Bremer schluckte die zornige Entgegnung herunter, die ihm auf der Zunge lag. Es war nicht Sendigs Schuld. Er war gereizt, sehr viel mehr, als er zugeben wollte, und er kam sich tatsächlich wie ein Einbrecher vor. Rein juristisch betrachtet waren sie das auch - sie hatten weder einen Durchsuchungsbefehl noch irgendeinen zwingenden Grund, diese Wohnung zu durchsuchen. Artner war tot, aber zu sterben war in diesem Land noch nicht strafbar. Was sie taten, hatte etwas von Leichenfledderei an sich, fand er.

Verrückt. Bremer verstand sich selbst nicht mehr. Solche Gedanken waren ihm eigentlich fremd. Aber seit seinem unheimlichen Erlebnis im Wagen hatte er sich noch immer nicht richtig beruhigt. Natürlich war es nur eine Sinnestäuschung gewesen, und trotzdem... Etwas daran war so realistisch gewesen, daß ihm noch immer ein eisiger Schauer über den Rücken lief, wenn er daran zurückdachte. Und den größten Fehler hatte er anschließend begangen: Er hatte Sendig auf dem Weg hier herauf erzählt, was er für einen Moment im Spiegel zu sehen geglaubt hatte. Und auf dem Foto.

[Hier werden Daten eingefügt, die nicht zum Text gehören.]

lemma out_degree_2_except_delete_arc:
  assumes deg: "out_degree_2_except V A r" and xw: "(x, w) \<in> A"
    and surplus: "(if x = r then 1 else 2) < out_degree A x"
  shows "out_degree_2_except V (A - {(x, w)}) r"
proof -
  have dg: "digraph V A" using deg unfolding out_degree_2_except_def by blast
  then have "digraph V (A - {(x, w)})" unfolding digraph_def by blast
  then show ?thesis
    using deg surplus unfolding out_degree_2_except_def out_degree_delete_arc[OF dg xw]
    by (auto split: if_splits)
qed

lemma out_degree_2_except_delete_source:
  assumes deg: "out_degree_2_except V A r" and v: "v \<in> V" "\<And>u. (u, v) \<notin> A"
  obtains r' where "out_degree_2_except (V - {v}) (A \<inter> (V - {v}) \<times> (V - {v})) r'"
    and "card (A \<inter> (V - {v}) \<times> (V - {v})) < card A"
proof -
  let ?X = "V - {v}"
  have dg: "digraph V A" using deg unfolding out_degree_2_except_def by blast
  have closed: "{w. (x, w) \<in> A} \<subseteq> ?X" for x using dg v(2) unfolding digraph_def by auto
  obtain w where vw: "(v, w) \<in> A"
    using out_degree_2_except_ge_1[OF deg v(1)] by (rule out_degree_ge_1_obtains)
  have "w \<in> ?X" using closed vw by blast
  have "card (A \<inter> ?X \<times> ?X) < card A" using vw finite_arcs[OF dg] by (intro psubset_card_mono) auto
  with out_degree_2_except_out_closed[OF deg Diff_subset \<open>w \<in> ?X\<close> closed] show thesis
    by (rule that)
qed

lemma out_degree_2_except_delete_root:
  assumes deg: "out_degree_2_except V A r" and in_r: "{y. (y, r) \<in> A} = {u}"
  shows "out_degree_2_except (V - {r}) (A \<inter> (V - {r}) \<times> (V - {r})) u"
    and "card (A \<inter> (V - {r}) \<times> (V - {r})) < card A"
proof -
  have u: "(u, r) \<in> A" "\<And>y. (y, r) \<in> A \<Longrightarrow> y = u" using in_r by auto
  let ?X = "V - {r}"
  have dg: "digraph V A" using deg unfolding out_degree_2_except_def by blast
  then have uX: "u \<in> ?X" using u(1) unfolding digraph_def by auto
  have "{w. (u, w) \<in> A \<inter> ?X \<times> ?X} = {w. (u, w) \<in> A} - {r}"
    using uX dg unfolding digraph_def by auto
  then have "out_degree (A \<inter> ?X \<times> ?X) u = out_degree A u - 1"
    using u(1) finite_out_neighbours[OF dg] unfolding out_degree_def by (simp add: card_Diff_singleton)
  moreover have "2 \<le> out_degree A u" using deg uX unfolding out_degree_2_except_def by blast
  ultimately have "1 \<le> out_degree (A \<inter> ?X \<times> ?X) u" by simp
  moreover have "{w. (x, w) \<in> A} \<subseteq> ?X" if "x \<in> ?X" "x \<noteq> u" for x
    using dg u(2) that unfolding digraph_def by auto
  ultimately show "out_degree_2_except ?X (A \<inter> ?X \<times> ?X) u"
    using out_degree_2_except_induced[OF deg _ uX] by blast
  show "card (A \<inter> ?X \<times> ?X) < card A"
    using u(1) finite_arcs[OF dg] by (intro psubset_card_mono) auto
qed

lemma out_degree_2_except_contract:
  assumes deg: "out_degree_2_except V A r" and "v \<noteq> r" and in_nbrs: "{y. (y, v) \<in> A} = {u}"
    and t: "(v, t) \<in> A" "t \<noteq> u" "(u, t) \<notin> A"
  defines "A' \<equiv> insert (u, t) (A \<inter> (V - {v}) \<times> (V - {v}))"
  shows "out_degree_2_except (V - {v}) A' r" and "card A' < card A"
proof -
  have in_v: "(u, v) \<in> A" "\<And>y. (y, v) \<in> A \<Longrightarrow> y = u" using in_nbrs by auto
  let ?X = "V - {v}" and ?N = "\<lambda>x. {w. (x, w) \<in> A}"
  have dg: "digraph V A" and r: "r \<in> V" using deg unfolding out_degree_2_except_def by auto
  have uX: "u \<in> ?X" and tX: "t \<in> ?X" using dg in_v(1) t(1) unfolding digraph_def by auto
  have od: "out_degree A' x = out_degree A x" if "x \<in> ?X" for x
  proof (cases "x = u")
    case True
    have "{w. (x, w) \<in> A'} = insert t (?N u - {v})"
      using True that dg unfolding A'_def digraph_def by auto
    moreover have "card (insert t (?N u - {v})) = card (?N u)"
      using in_v(1) t(3) finite_out_neighbours[OF dg] card.remove[of "?N u" v] by simp
    ultimately show ?thesis using True unfolding out_degree_def by simp
  next
    case False
    have "{w. (x, w) \<in> A'} = ?N x"
      using False that dg in_v(2) unfolding A'_def digraph_def by auto
    then show ?thesis unfolding out_degree_def by simp
  qed
  have "digraph ?X A'"
    using dg uX tX t(2) unfolding A'_def digraph_def by auto
  then show "out_degree_2_except ?X A' r"
    using deg od r \<open>v \<noteq> r\<close> unfolding out_degree_2_except_def by auto
  have fin: "finite (A \<inter> ?X \<times> ?X)" using finite_arcs[OF dg] by blast
  have "(u, v) \<noteq> (v, t)" using uX by auto
  then have "card (A \<inter> ?X \<times> ?X) + 2 = card (insert (u, v) (insert (v, t) (A \<inter> ?X \<times> ?X)))"
    using fin by simp
  also have "\<dots> \<le> card A"
    using in_v(1) t(1) finite_arcs[OF dg] by (intro card_mono) auto
  finally show "card A' < card A"
    using fin card_insert_if[OF fin, of "(u, t)"] unfolding A'_def by (auto split: if_splits)
qed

Als hätte er seine Gedanken gelesen, sagte Sendig in diesem Moment noch einmaclass="underline" »Ein Engel? Sie sind sicher, daß Sie einen Engel gesehen haben?«

Diesmal konnte Bremer nicht mehr so tun, als hätte er die Frage überhört. »Ich habe überhaupt nichts gesehen«, antwortete er, ohne sich zu Sendig herumzudrehen. »Wahrscheinlich war es nur ein Lichtreflex. Irgendein Schatten.«

»Da wäre ich nicht so sicher«, sagte Sendig. Irgend etwas klapperte zu Boden, aber Bremer widerstand weiter tapfer der Versuchung, sich zu ihm herumzudrehen. Statt dessen öffnete er eine weitere Schublade des wuchtigen altdeutschen Schrankes und untersuchte ihren Inhalt. Er unterschied sich nicht von dem der beiden, die er bereits durchgesehen harte: Zeitschriften, irgendwelche Papiere voller wissenschaftlicher Fachausdrücke, die genausogut in Chinesisch geschrieben sein könnten, ein paar Akten, deren Stempel verriet, daß sie aus der Klinik stammten. Bremer öffnete sie alle, aber er mußte sie nicht durchblättern. Jede einzelne enthielt auf der ersten Seite ein Farbfoto desjenigen, dessen Krankengeschichte sie behandelte.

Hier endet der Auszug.